I am mostly not sure whether the strategy I used in ax_client are similar to the ones I explicitly set before, i.e., like Max mentioned above, if it's a greedy version of the fully joint_optimize. Could you confirm or point out if I did anything improper? Also I would appreciate if you could point out if I should change any of the steps I listed above. Thank you!

One more follow up: do you have plans to enable a full joint_optimization in AxClient or do you consider the current approach good enough? With the current behavior, it seems to me that there are less and less differences between arm and trial. Multiple arms within a trial (in the case of Experiments) are the same as a bunch of single-arm trials. Is my understanding correct?

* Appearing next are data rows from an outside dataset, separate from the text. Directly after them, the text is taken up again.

lemma P_exp_cond_ZS_eq_biased_ratio:
  fixes s1 :: "'a::finite"
  assumes "admissible N E Z S s1 Pu f" and "P_Z N Pu f Z z > 0"
  shows "P_exp_cond_ZS N Pu f X Y Z S s1 x y z =
    P_biased N Pu f X Y Z S s1 x y z / (\<Sum>y'\<in>UNIV. P_biased N Pu f X Y Z S s1 x y' z)"
proof -
  let ?T = "twin_dist N Pu f X x"
  define joint where
    "joint y' = measure_pmf.prob ?T {p. snd p Y = y' \<and> (\<forall>v\<in>Z. fst p v = z v) \<and> fst p S = s1}" for y'
  define ZS where "ZS = measure_pmf.prob ?T {p. (\<forall>v\<in>Z. fst p v = z v) \<and> fst p S = s1}"
  define S1 where "S1 = measure_pmf.prob ?T {p. fst p S = s1}"
  have "P_ZS N Pu f Z S s1 z > 0"
    using assms by (simp add: admissible_def positive_def)
  then have "ZS > 0"
    by (simp add: P_ZS_eq_twin[where X = X and x = x] ZS_def)
  moreover have "ZS \<le> S1"
    unfolding ZS_def S1_def by (rule measure_pmf.finite_measure_mono) auto
  moreover have "ZS = (\<Sum>y'\<in>UNIV. joint y')"
  proof -
    have "ZS = (\<Sum>y'\<in>UNIV.
        measure_pmf.prob ?T {p. ((\<forall>v\<in>Z. fst p v = z v) \<and> fst p S = s1) \<and> snd p Y = y'})"
      unfolding ZS_def by (rule measure_pmf_prob_sum_fibres) auto
    also have "\<dots> = (\<Sum>y'\<in>UNIV. joint y')"
      unfolding joint_def by (intro sum.cong refl arg_cong[where f = "measure_pmf.prob ?T"]) auto
    finally show ?thesis .
  qed
  ultimately show ?thesis
    by (simp add: P_exp_cond_ZS_def P_biased_def joint_def [symmetric] ZS_def [symmetric]
        S1_def [symmetric] flip: sum_divide_distrib)
qed
lemma ad_diag_polarization:
  assumes f: "f \<in> ZL scale br 3"
  shows "br (ad_diag f (u + v) - ad_diag f u - ad_diag f v) a = f [u, v, a] + f [v, u, a]"
  using f by (simp add: ZL_def CL_def bracket_simps bracket_ad_diag multilinear_3_simps algebra_simps)

lemma quadratic_map_ad_diag:
  assumes f: "f \<in> ZL scale br 3"
  shows "quadratic_map scale (ad_diag f)"
proof -
  have ml: "multilinear scale 3 f" using f by (simp add: ZL_def CL_def)
  let ?p = "\<lambda>x y. ad_diag f (x + y) - ad_diag f x - ad_diag f y"
  have "ad_diag f (scale c x) = scale c (scale c (ad_diag f x))" for c x
    by (rule ad_diag_eqI) (simp add: bracket_simps bracket_ad_diag[OF f] multilinear_3_simps[OF ml])
  moreover have "?p (x + x') y = ?p x y + ?p x' y" for x x' y
    by (rule bracket_left_cancel, simp only: bracket_add_left ad_diag_polarization[OF f]
        multilinear_3_simps[OF ml], simp only: ac_simps)
  moreover have "?p (scale c x) y = scale c (?p x y)" for c x y
    by (rule bracket_left_cancel)
      (simp only: bracket_scale_left ad_diag_polarization[OF f] multilinear_3_simps[OF ml]
        scale_right_distrib)
  ultimately show ?thesis
    by (simp add: quadratic_map_def Vector_Spaces.linear_iff vector_space_axioms)
qed

lemma ad_diag_add:
  "f \<in> ZL scale br 3 \<Longrightarrow> f' \<in> ZL scale br 3 \<Longrightarrow> ad_diag (f + f') = (\<lambda>x. ad_diag f x + ad_diag f' x)"
  by (rule ext, rule ad_diag_eqI) (simp add: bracket_ad_diag bracket_simps)

lemma ad_diag_scale:
  "f \<in> ZL scale br 3 \<Longrightarrow> ad_diag (\<lambda>xs. scale c (f xs)) = (\<lambda>x. scale c (ad_diag f x))"
  by (rule ext, rule ad_diag_eqI) (simp add: bracket_ad_diag bracket_simps)
(* Suppose Assumption A holds and $g_k$ satisfies Condition C. Consider the Algorithm with Option I (so $y_k=x_k$). (1) (FS): If $\eta_k=\eta\in[0,1)$ for all $k$, $\iota_0\in\left[0,\sqrt{\frac{1-\eta}{2}}\right)$, $\sum_{k=0}^\infty\delta_k^2<\infty$, and $\alpha_k=\alpha\le\frac{1-\eta}{2L}$ for all $k$, then there is a constant $C<\infty$ such that for all $K\ge1$, $\min_{k=0,\dots,K-1}\|R^{true}_{\alpha}(x_k)\|^2\le\frac{C}{K}$. (2) (EX): If $\tilde\eta_k=\tilde\eta\in[0,1)$ for all $k$, $\tilde\iota_0\in\left[0,\sqrt{\frac{1-\tilde\eta}{2}}\right)$, $\sum_{k=0}^\infty\tilde\delta_k^2<\infty$, and $\alpha_k=\alpha\le\frac{1-\tilde\eta}{2L}$ for all $k$, then there is a constant $C<\infty$ such that for all $K\ge1$, $\min_{k=0,\dots,K-1}\mathbb E[\|R^{true}_{\alpha}(x_k)\|^2]\le\frac{C}{K}$.
   Context: Problem: minimize $\phi(x)=f(x)+h(x)$ over $x\in\mathbb{R}^d$. Assumption A: $f:\mathbb{R}^d\to\mathbb{R}$ is continuously differentiable with $L$-Lipschitz continuous gradient ($L>0$), and $h:\mathbb{R}^d\to\mathbb{R}\cup\{+\infty\}$ is closed, convex and proper; $\phi^*=\inf\phi>-\infty$ ($f$ need not be convex). Two settings: the finite-sum problem (FS), $f(x)=\frac1N\sum_{i=1}^N F(x,\xi_i)$ over a dataset $\mathcal S=\{\xi_1,\dots,\xi_N\}$; and the expectation problem (EX), $f(x)=\mathbb E_{\xi\sim\mathcal P}[F(x,\xi)]$. For $\alpha>0$, $\mathrm{prox}_{\alpha,h}(y)=\arg\min_{x\in\mathbb{R}^d}\{h(x)+\frac{1}{2\alpha}\|x-y\|^2\}$. Algorithm: given $x_0\in\mathbb{R}^d$, $y_0=x_0$, step sizes $\alpha_k>0$ and parameters $\beta_k$, for $k=0,1,2,\dots$: compute an estimate $g_k$ of $\nabla f(y_k)$ (possibly biased, possibly random); set $x_{k+1}=\mathrm{prox}_{\alpha_k,h}(y_k-\alpha_kg_k)$; under Option I set $y_{k+1}=x_{k+1}$, under Option II set $y_{k+1}=x_{k+1}+\beta_{k+1}(x_{k+1}-x_k)$. Define $R_{\alpha_k}(y_k)=\frac{1}{\alpha_k}(y_k-x_{k+1})$, $\hat x_{k+1}=\mathrm{prox}_{\alpha_k,h}(y_k-\alpha_k\nabla f(y_k))$ and $R^{true}_{\alpha_k}(y_k)=\frac{1}{\alpha_k}(y_k-\hat x_{k+1})$. Let $\mathcal G_k$ be the $\sigma$-algebra generated by $x_0,g_0,\dots,g_{k-1}$ (so $x_k,y_k$ are $\mathcal G_k$-measurable), $\mathbb E_k[\cdot]=\mathbb E[\cdot\mid\mathcal G_k]$, and $\mathbb E[\cdot]$ is total expectation. Condition C, required for all $k\ge0$: in (FS), $\|g_k-\nabla f(y_k)\|\le\frac{\eta_k}{2}\|R_{\alpha_k}(y_k)\|+\iota_0\delta_k$ with $\eta_k\in[0,1)$, $\iota_0\ge0$, $\delta_k\ge0$; in (EX), $\mathbb E_k[\|g_k-\nabla f(y_k)\|^2]\le\frac{\tilde\eta_k^2}{4}\|\mathbb E_k[R_{\alpha_k}(y_k)]\|^2+\tilde\iota_0^2\tilde\delta_k^2$ with $\tilde\eta_k\in[0,1)$, $\tilde\iota_0\ge0$, $\tilde\delta_k\ge0$. *)

theory Defs
  imports "HOL-Analysis.Analysis" "HOL-Probability.Probability"
begin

lena-kashtelyan commented 5 years ago

Hello again, @dongyaoli!

1) Your usage of the Service API looks correct to me; one thing is, you likely don't need to specify the generation strategy yourself; Sobol+GPEI will be chosen under the hood anyway.

2) Will let @Balandat answer regarding the modeling here.

3) What do you mean by full joint optimization here? Just to clarify, so that I can fully respond to your question regarding whether we plan to include it in the Service API (AxClient).

4) There is and always will be a difference between an arm an a trial, because an arm essentially specifies parameterization, whereas a trial specifies a run of that parameterization. Therefore, two different trials can contain the same arm, for example. And data is logged for a trial, not an arm; if there is non-stationarity in the problem setup, two different trials with the same arm may have different metric results. Does that make sense?

A BatchTrial (multiple-arm trial) is also different from multiple single-arm trials, as a BatchTrial is categorized by collective deployment; in other words, you deploy all five arms together and wait for all of them to complete before logging data for a batch. With single-arm trials, each trial is independent of the others and is deployed independently of other trials. So in your case, for example, multiple single-arm trials are appropriate, because you are running each trial in a separate process and separately logging data for each.

Balandat commented 5 years ago

The default behavior of Ax is to use a greedy approach (that performs sequential conditioning on previously selected points) using BoTorch's sequential_optimize function. You can change that behavior by passing model_gen_kwargs = {"optimizer_kwargs": {"joint_optimize": True}} into the GenerationStep.

dongyaoli commented 5 years ago

Thank you @lena-kashtelyan and @Balandat again for your help! I think I have enough understanding for now and am going to close this.